An Effect of Synchronous Speech Performance. Participants were explicitly instructed to converge to the model talker’s speech rate while our interest actually lied in F0. We conducted supplementary analyses to ensure that participants’ speech rate synchrony performance did not affect our critical measures. Crucially, one linear mixed effects model revealed a negligible effect (i.e., smaller than 1 Hz) of synchrony performance (as measured by trial-averaged temporal differences in word boundaries between the model talker and the participant) on raw F0, and another revealed no significant effect of temporal synchrony on the probability of convergence for a given trial. Details about these analyses are available on OSF (“analyses/sync_performance”).

Discussion

Experiment 1 was primarily a stepping stone for the rest of the experiment series, and an adaptation of parts of the methodology of Bradshaw and McGettigan (2021) to Dutch. There were a number of assumptions inherent in the methodology of Experiment 1. Based on the secondary analyses discussed above, we have confirmed these assumptions with the current dataset. As predicted, the F0 of the model talker significantly predicted participants’ F0 in the synchronous speech task across both groups. The proportion of convergers in our sample (i.e., 75%) was noticeably higher than the proportion reported by Bradshaw and McGettigan (i.e., 60%), potentially due to the use of the pre-tested 210 Hz reference value for acoustic manipulations. Given that synchrony performance was not a significant factor in predicting participants’ convergence to F0, we attribute the reliable, bi-directional changes in participants’ mean F0 (i.e., per participant group) over the experiment to our acoustic manipulations and the synchronous speech paradigm. It is worth noting that the effect sizes in Figure 1B are conservative since they are based on analyses that are blind to the orientation of participants’ baselines and targets. For instance, there were participants who were assigned to the High F0 group but had an F0 even higher than that of the model talker. For these participants, convergence would mean going down in F0. Despite the presence of such participants in both groups, the between-group difference remained significant. While participants’ gradual exposure to the model talker over the course of the synchronous speech task would have resulted in the encoding of the model talker’s F0 (among other speech features) to some extent, Experiment 1’s design did not have a control condition that could measure possible effects of increasing familiarity with the talker. Thus, the next step was to provide reliable F0 information to participants prior to the synchronous speech task to observe its potential effects.

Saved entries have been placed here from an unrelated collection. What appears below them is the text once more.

(* Let $\mathfrak{A}$, $A$, $B$ be $C^*$-algebras, where $A$ and $B$ are $\mathfrak{A}$-bimodules with compatible actions. Let $\gamma$ be a $C^*$-norm on the algebraic tensor product $A\odot B$, let $A\otimes_\gamma B$ be the completion of $A\odot B$ with respect to $\gamma$, and let $I_\gamma$ be the closure in $A\otimes_\gamma B$ of the ideal $I=I_{A,B}$. Then there is an isometric isomorphism $$(A\otimes_\gamma B)/I_\gamma\simeq A\otimes_{\mathfrak{A},\gamma}B,$$ where $A\otimes_{\mathfrak{A},\gamma}B$ is the completion of $A\odot_{\mathfrak{A}}B=(A\odot B)/I$ with respect to the quotient norm $\|x+I\|_\gamma:=\inf_{i\in I}\|x+i\|_\gamma$.
   Context: An $\mathfrak{A}$-bimodule with compatible actions is a $C^*$-algebra $A$ with maps $\mathfrak{A}\times A\to A$, $(\alpha,a)\mapsto\alpha\cdot a$ and $A\times\mathfrak{A}\to A$, $(a,\alpha)\mapsto a\cdot\alpha$, which are bilinear, satisfy $\|a\cdot\alpha\|,\|\alpha\cdot a\|\le k\|a\|\|\alpha\|$ for some $k>0$, and satisfy $\alpha\cdot(ab)=(\alpha\cdot a)b$, $(ab)\cdot\alpha=a(b\cdot\alpha)$, $(\alpha\cdot a)^*=a^*\cdot\alpha^*$, $(a\cdot\alpha)^*=\alpha^*\cdot a^*$ for all $\alpha\in\mathfrak{A}$, $a,b\in A$. $I_{A,B}$ denotes the ideal of $A\odot B$ generated by all elements $a\cdot\alpha\otimes b-a\otimes\alpha\cdot b$ ($\alpha\in\mathfrak{A}$, $a\in A$, $b\in B$), and $A\odot_{\mathfrak{A}}B:=(A\odot B)/I_{A,B}$. *)

theory Defs
  imports Complex_Main
begin

text \<open>A C*-algebra is modelled by a type of class real_normed_algebra and banach
  (non-unital complete normed algebra) together with an explicit complex scalar
  multiplication sm (extending scaleR) and an involution st satisfying the C*-identity.\<close>

definition cstar_alg :: "(complex \<Rightarrow> 'a::{real_normed_algebra,banach} \<Rightarrow> 'a) \<Rightarrow> ('a \<Rightarrow> 'a) \<Rightarrow> bool" where
  "cstar_alg sm st \<longleftrightarrow>
     (\<forall>c d x. sm c (sm d x) = sm (c * d) x) \<and>
     (\<forall>x. sm 1 x = x) \<and>
     (\<forall>c x y. sm c (x + y) = sm c x + sm c y) \<and>
     (\<forall>c d x. sm (c + d) x = sm c x + sm d x) \<and>
     (\<forall>r x. sm (complex_of_real r) x = scaleR r x) \<and>
     (\<forall>c x. norm (sm c x) = cmod c * norm x) \<and>
     (\<forall>c x y. sm c (x * y) = sm c x * y \<and> sm c (x * y) = x * sm c y) \<and>
     (\<forall>x. st (st x) = x) \<and>
     (\<forall>x y. st (x + y) = st x + st y) \<and>
     (\<forall>c x. st (sm c x) = sm (cnj c) (st x)) \<and>
     (\<forall>x y. st (x * y) = st y * st x) \<and>
     (\<forall>x. norm (st x * x) = norm x ^ 2)"

definition compat_bimod ::
  "(complex \<Rightarrow> 'u::{real_normed_algebra,banach} \<Rightarrow> 'u) \<Rightarrow> ('u \<Rightarrow> 'u) \<Rightarrow>
   (complex \<Rightarrow> 'a::{real_normed_algebra,banach} \<Rightarrow> 'a) \<Rightarrow> ('a \<Rightarrow> 'a) \<Rightarrow>
   ('u \<Rightarrow> 'a \<Rightarrow> 'a) \<Rightarrow> ('a \<Rightarrow> 'u \<Rightarrow> 'a) \<Rightarrow> bool" where
  "compat_bimod su stu sa sta la ra \<longleftrightarrow>
     \<comment> \<open>bilinearity\<close>
     (\<forall>\<alpha> \<beta> a. la (\<alpha> + \<beta>) a = la \<alpha> a + la \<beta> a) \<and>
     (\<forall>\<alpha> a b. la \<alpha> (a + b) = la \<alpha> a + la \<alpha> b) \<and>
     (\<forall>c \<alpha> a. la (su c \<alpha>) a = sa c (la \<alpha> a)) \<and>
     (\<forall>c \<alpha> a. la \<alpha> (sa c a) = sa c (la \<alpha> a)) \<and>
     (\<forall>\<alpha> \<beta> a. ra a (\<alpha> + \<beta>) = ra a \<alpha> + ra a \<beta>) \<and>
     (\<forall>\<alpha> a b. ra (a + b) \<alpha> = ra a \<alpha> + ra b \<alpha>) \<and>
     (\<forall>c \<alpha> a. ra a (su c \<alpha>) = sa c (ra a \<alpha>)) \<and>
     (\<forall>c \<alpha> a. ra (sa c a) \<alpha> = sa c (ra a \<alpha>)) \<and>
     \<comment> \<open>bimodule axioms\<close>
     (\<forall>\<alpha> \<beta> a. la (\<alpha> * \<beta>) a = la \<alpha> (la \<beta> a)) \<and>
     (\<forall>\<alpha> \<beta> a. ra a (\<alpha> * \<beta>) = ra (ra a \<alpha>) \<beta>) \<and>
     (\<forall>\<alpha> \<beta> a. la \<alpha> (ra a \<beta>) = ra (la \<alpha> a) \<beta>) \<and>
     \<comment> \<open>boundedness\<close>
     (\<exists>k>0. \<forall>\<alpha> a. norm (ra a \<alpha>) \<le> k * norm a * norm \<alpha> \<and> norm (la \<alpha> a) \<le> k * norm a * norm \<alpha>) \<and>
     \<comment> \<open>compatibility\<close>
     (\<forall>\<alpha> a b. la \<alpha> (a * b) = la \<alpha> a * b) \<and>
     (\<forall>\<alpha> a b. ra (a * b) \<alpha> = a * ra b \<alpha>) \<and>
     (\<forall>\<alpha> a. sta (la \<alpha> a) = ra (sta a) (stu \<alpha>)) \<and>
     (\<forall>\<alpha> a. sta (ra a \<alpha>) = la (stu \<alpha>) (sta a))"

text \<open>Elements of A \<odot> B are represented by finitely supported formal complex
  combinations of pairs (a,b), i.e. functions 'a \<times> 'b \<Rightarrow> complex with finite support,
  modulo the subspace tker generated by the bilinearity relations.\<close>

definition fin :: "('a \<times> 'b \<Rightarrow> complex) set" where
  "fin = {f. finite {p. f p \<noteq> 0}}"

definition tzero :: "'a \<times> 'b \<Rightarrow> complex" where "tzero = (\<lambda>p. 0)"
definition tadd :: "('a \<times> 'b \<Rightarrow> complex) \<Rightarrow> ('a \<times> 'b \<Rightarrow> complex) \<Rightarrow> ('a \<times> 'b \<Rightarrow> complex)" where
  "tadd f g = (\<lambda>p. f p + g p)"
definition tdiff :: "('a \<times> 'b \<Rightarrow> complex) \<Rightarrow> ('a \<times> 'b \<Rightarrow> complex) \<Rightarrow> ('a \<times> 'b \<Rightarrow> complex)" where
  "tdiff f g = (\<lambda>p. f p - g p)"
definition tsmult :: "complex \<Rightarrow> ('a \<times> 'b \<Rightarrow> complex) \<Rightarrow> ('a \<times> 'b \<Rightarrow> complex)" where
  "tsmult c f = (\<lambda>p. c * f p)"
definition etens :: "'a \<Rightarrow> 'b \<Rightarrow> ('a \<times> 'b \<Rightarrow> complex)" where
  "etens a b = (\<lambda>p. if p = (a, b) then 1 else 0)"

text \<open>Product: (a \<otimes> b)(a' \<otimes> b') = aa' \<otimes> bb', extended bilinearly.\<close>
definition tmult :: "('a::times \<times> 'b::times \<Rightarrow> complex) \<Rightarrow> ('a \<times> 'b \<Rightarrow> complex) \<Rightarrow> ('a \<times> 'b \<Rightarrow> complex)" where
  "tmult f g = (\<lambda>p. \<Sum>x\<in>{q. f q \<noteq> 0}. \<Sum>y\<in>{q. g q \<noteq> 0}.
      if (fst x * fst y, snd x * snd y) = p then f x * g y else 0)"

text \<open>Involution: (c a \<otimes> b)^* = cnj c a^* \<otimes> b^*.\<close>
definition tstar :: "('a \<Rightarrow> 'a) \<Rightarrow> ('b \<Rightarrow> 'b) \<Rightarrow> ('a \<times> 'b \<Rightarrow> complex) \<Rightarrow> ('a \<times> 'b \<Rightarrow> complex)" where
  "tstar sta stb f = (\<lambda>(a, b). cnj (f (sta a, stb b)))"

Experiment 2 – Congruent Talker Information

Experiment 2 built upon the structure of Experiment 1 to implement an exposure phase between the reading and synchronous speech tasks, allowing for comparisons between baseline (reading) and synchronous speech F0s after providing participants with 20 min of controlled input at a pre-determined mean F0. Implementing talker familiarity into the design was crucial for our aim of investigating its possible impact on language production, and as a first step, we added an exposure task that provided congruent talker information to all participants across the two F0 groups. Once again, we expected the majority of the sample to display convergence to the model talker’s F0.

Method

Participants

Participant selection in Experiment 2 was subject to the same criteria as Experiment 1. Another group (i.e., participants who had not participated in the previous experiment) of 32 native female Dutch speakers (age range: 18–33, M_age = 22.72, SD_age = 4.05) participated in Experiment 2, and they were randomly assigned to high and low F0 exposure groups.

Materials

The materials used in the reading and synchronous speech tasks of Experiment 2 were identical to Experiment 1. However, additional materials were used for the exposure task. These consisted of 10 2-min audio snippets about “everyday topics” such as news reports, animal fun facts, food recipes, etc. These snippets were recorded with the same model talker and manipulated to have the mean F0 of the high and low target values used in Experiment 1 (i.e., ±2 st from 210 Hz). Thus, a total of 20 manipulated sound files (see “stimuli” in OSF) were generated. In addition, one true-false question per text was generated to assess participants’ attention during the exposure task.

Procedure

Experiment 2 began with the same introductory procedure and reading task as Experiment 1. Following the reading task, participants performed the exposure task, in which they listened to the ten 2-min snippets of the model talker at a high or low F0 per their F0 group. After each snippet, participants were asked to respond to its true-false question. Although participants were not informed that their data would be excluded if they failed to respond to 80% of these questions correctly, the experiment instructions remarked that they were “expected to be able to answer at least 80%.” After listening to the snippets, participants moved onto the practice and synchronous speech tasks.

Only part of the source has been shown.